Fandom Fanfare: Pop Culture Makeup Collections Enchant Consumers

FairytaleMakeup425

Fandom: the community or subculture that surrounds a tv show, movie or book.

For years fandoms have congregated to celebrate and discuss in local bookstores, coffee shops, Internet chat rooms, waiting in long lines at movie theaters or crowded around television screens. More recently, fandoms have successfully started making their way into a territory many never expected they would go: the beauty aisle.

Pop culture, movie, book and fairytale makeup collections have been popping up left and right over the past several years. And beauty consumers cannot get enough. 

Storybook Cosmetics is a makeup brand focused solely on these types of makeup collections. Earlier this year, Storybook launched a Wizardry and Witchcraft eyeshadow palette that fans started pre-ordering three months in advance. The brand also launched Wizard Wands (aka makeup brushes) to accompany the palette, some of which are currently sold out on the brand’s website.

Storybook’s most recent palettes include the Mean Girls Burn Book Storybook Palette and the Charlie and the Chocolate Factory Storybook palette. According to its Instagram, upcoming projects include a Hunger Games collection, a dragon collection and a palette inspired by Vincent van Gogh’s Starry Night.

Lorac Cosmetics has also jumped on the movie-themed bandwagon with its Disney Beauty and the Beast and Disney Pirates of the Carribean collections. In 2015, Covergirl launched a Star Wars collection. All the way back in 2010, MAC debuted its Venomous Villains Collection featuring Cruella de Vil, Maleficent and The Evil Queen from Snow White.

As this trend continues to grow and the launches get buzzier, pop culture makeup collections are proving to be a fun—and lucrative—way for brands to appeal to consumers by letting their fandom flags fly.

Bésame Cosmetics, a luxury vintage makeup brand based in California, recently teamed up with Disney to commemorate the 80th anniversary of "Snow White and the Seven Dwarfs" with the Snow White 1937 Collection. Global Cosmetic Industry talked with Bésame’s founder, Gabriela Hernandez, about why pop culture themed makeup collections are so appealing to today’s beauty consumers.
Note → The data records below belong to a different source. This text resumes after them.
lemma set_integrable_sq_mult_continuous:
  fixes v a :: "real \<Rightarrow> real"
  assumes v: "set_borel_measurable lborel {-L<..<L} v"
    and v2: "set_integrable lborel {-L<..<L} (\<lambda>x. (v x)\<^sup>2)"
    and a: "continuous_on UNIV a"
  shows "set_integrable lborel {-L..L} (\<lambda>x. (v x)\<^sup>2 * a x)"
proof -
  obtain K where K: "\<And>x. x \<in> {-L..L} \<Longrightarrow> \<bar>a x\<bar> \<le> K"
    using compact_imp_bounded[OF compact_continuous_image[OF continuous_on_subset[OF a] compact_Icc]]
    unfolding bounded_iff by fastforce
  have "(\<lambda>x. indicator {-L<..<L} x *\<^sub>R v x) \<in> borel_measurable lborel"
    using v by (simp add: set_borel_measurable_def)
  moreover have "a \<in> borel_measurable lborel"
    using borel_measurable_continuous_onI[OF a] by simp
  moreover have "(\<lambda>x. indicator {-L<..<L} x *\<^sub>R ((v x)\<^sup>2 * a x))
      = (\<lambda>x. (indicator {-L<..<L} x *\<^sub>R v x)\<^sup>2 * a x)"
    by (auto simp: indicator_def)
  ultimately have meas: "(\<lambda>x. indicator {-L<..<L} x *\<^sub>R ((v x)\<^sup>2 * a x)) \<in> borel_measurable lborel"
    by simp
  have "set_integrable lborel {-L<..<L} (\<lambda>x. (v x)\<^sup>2 * a x)"
    unfolding set_integrable_def
  proof (rule Bochner_Integration.integrable_bound[OF _ meas])
    show "integrable lborel (\<lambda>x. K * (indicator {-L<..<L} x *\<^sub>R (v x)\<^sup>2))"
      using v2 unfolding set_integrable_def by (rule integrable_mult_right)
    have "\<bar>(v x)\<^sup>2 * a x\<bar> \<le> \<bar>K * (v x)\<^sup>2\<bar>" if "x \<in> {-L<..<L}" for x
    proof -
      have "(v x)\<^sup>2 * \<bar>a x\<bar> \<le> (v x)\<^sup>2 * K" using K[of x] that by (intro mult_left_mono) auto
      also have "\<dots> \<le> \<bar>K * (v x)\<^sup>2\<bar>" by (simp add: abs_mult mult.commute mult_right_mono)
      finally show ?thesis by (simp add: abs_mult)
    qed
    then show "AE x in lborel. norm (indicator {-L<..<L} x *\<^sub>R ((v x)\<^sup>2 * a x))
        \<le> norm (K * (indicator {-L<..<L} x *\<^sub>R (v x)\<^sup>2))"
      by (intro AE_I2) (simp add: indicator_def)
  qed
  moreover have "integrable lborel (\<lambda>x. indicator {-L<..<L} x *\<^sub>R ((v x)\<^sup>2 * a x)) \<longleftrightarrow>
      integrable lborel (\<lambda>x. indicator {-L..L} x *\<^sub>R ((v x)\<^sup>2 * a x))"
    by (rule integrable_discrete_difference[where X="{-L, L}"]) (auto simp: indicator_def)
  ultimately show ?thesis unfolding set_integrable_def by simp
qed

lemma integral_energy_density_ge:
  fixes v a b u G :: "real \<Rightarrow> real"
  assumes "c < d" and v: "v integrable_on {c..d}"
    and va: "(\<lambda>t. (v t)\<^sup>2 * a t) integrable_on {c..d}"
    and Gb: "(\<lambda>t. G (u t) * b t) integrable_on {c..d}"
    and a: "continuous_on {c..d} a" "\<And>t. t \<in> {c..d} \<Longrightarrow> a t > 0"
    and b: "continuous_on {c..d} b" "\<And>t. t \<in> {c..d} \<Longrightarrow> b t > 0"
    and G0: "\<And>t. t \<in> {c..d} \<Longrightarrow> G0 \<le> G (u t)"
  shows "(1/2) * ((integral {c..d} v)\<^sup>2 / integral {c..d} (\<lambda>t. 1 / a t)) + G0 * integral {c..d} b
    \<le> integral {c..d} (\<lambda>x. (1/2) * (v x)\<^sup>2 * a x + G (u x) * b x)"
proof -
  have "G0 * integral {c..d} b = integral {c..d} (\<lambda>x. G0 * b x)" by simp
  also have "\<dots> \<le> integral {c..d} (\<lambda>x. G (u x) * b x)"
    using G0 b by (intro integral_le Gb integrable_continuous_real continuous_intros)
      (auto intro: mult_right_mono less_imp_le)
  finally have "G0 * integral {c..d} b \<le> integral {c..d} (\<lambda>x. G (u x) * b x)" .
  moreover have "(integral {c..d} v)\<^sup>2 / integral {c..d} (\<lambda>t. 1 / a t)
      \<le> integral {c..d} (\<lambda>t. (v t)\<^sup>2 * a t)"
    by (rule integral_sq_mult_ge[OF \<open>c < d\<close> v va a])
  moreover have "integral {c..d} (\<lambda>x. (1/2) * (v x)\<^sup>2 * a x + G (u x) * b x)
      = (1/2) * integral {c..d} (\<lambda>x. (v x)\<^sup>2 * a x) + integral {c..d} (\<lambda>x. G (u x) * b x)"
    using integrable_on_cmult_left[OF va, of "1/2"] Gb by (simp add: integral_add mult.assoc)
  ultimately show ?thesis by linarith
qed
For those unfamiliar with Bésame Cosmetics, can you explain what being a luxury vintage makeup brand is all about? 

Gabriela Hernandez (GH): Bésame is a company based on things that have to do with history or things that have stories. We're more storytellers than we are makeup manufacturers. We like to transport people back to a different time or to different characters and how they were interpreted during that time. 

Bésame recently launched the Snow White 1937 Collection. What was the thought process of choosing Snow White specifically? Why Disney?

GH: Disney actually came to us. They were familiar with our store in Burbank because they have studios nearby and would come in an see our products. They thought what we were doing was interesting and that we would work well when telling the character's story in a genuine way. 
 
Snow White happened to fit us really well because she was the very first princess. The movie came out in 1937 and she was created a couple of years before that. All of the colors in the movie were chosen by the women who ran the ink and paint department at the studio. They mixed the paint and made all of the colors for Snow White, including her makeup colors. The colors reflect what was fashionable during that period of time because Snow White was real, she wasn't supposed to be a cartoon, she was supposed to be a girl. In the movie, she is sporting the look of the era and epitomizes what a fashionable lady was supposed to look like. She was very fashionable for her time and those colors continued to be fashionable. That's why we decided to represent those shades. They are the original shades of the ink from the movie and come from the archives. 

In your opinion, why are pop culture/movie/book themed cosmetic collections so popular right now? Why do they appeal to beauty consumers? 

GH: I think people want to reminisce and remember things from when they were younger. It's a feel-good thing. I think millennials are looking for that because they want to feel grounded in things from the past. Everything about millennial culture is so temporary and so fleeting. They don't have a lot of historical things to go by, so anything that has to do with the past gives them a feeling of heritage and something that has a lasting quality to it.

Would you be open to the possibility of other collections similar to the Snow White 1937 Collection? Is this something Bésame fans seem to be interested in or excited about?

GH: The response to this collection has been tremendous. We have sold out of the book and other products in the collection are close to being gone as well. I didn't expect this kind of response at all when I started working on this. I'm surprised people are such hardcore fans of Snow White.   

There is more of the collection coming out in February, to commemorate the wide release of "Snow White and the Seven Dwarfs." The film will be coming back to El Capitan Theatre in Hollywood and we will have a pop-up there to showcase some new bags and palettes. 
 
The next collection we have coming out is Agent Carter, which we have been working on with Marvel. The fans of that character really get into it.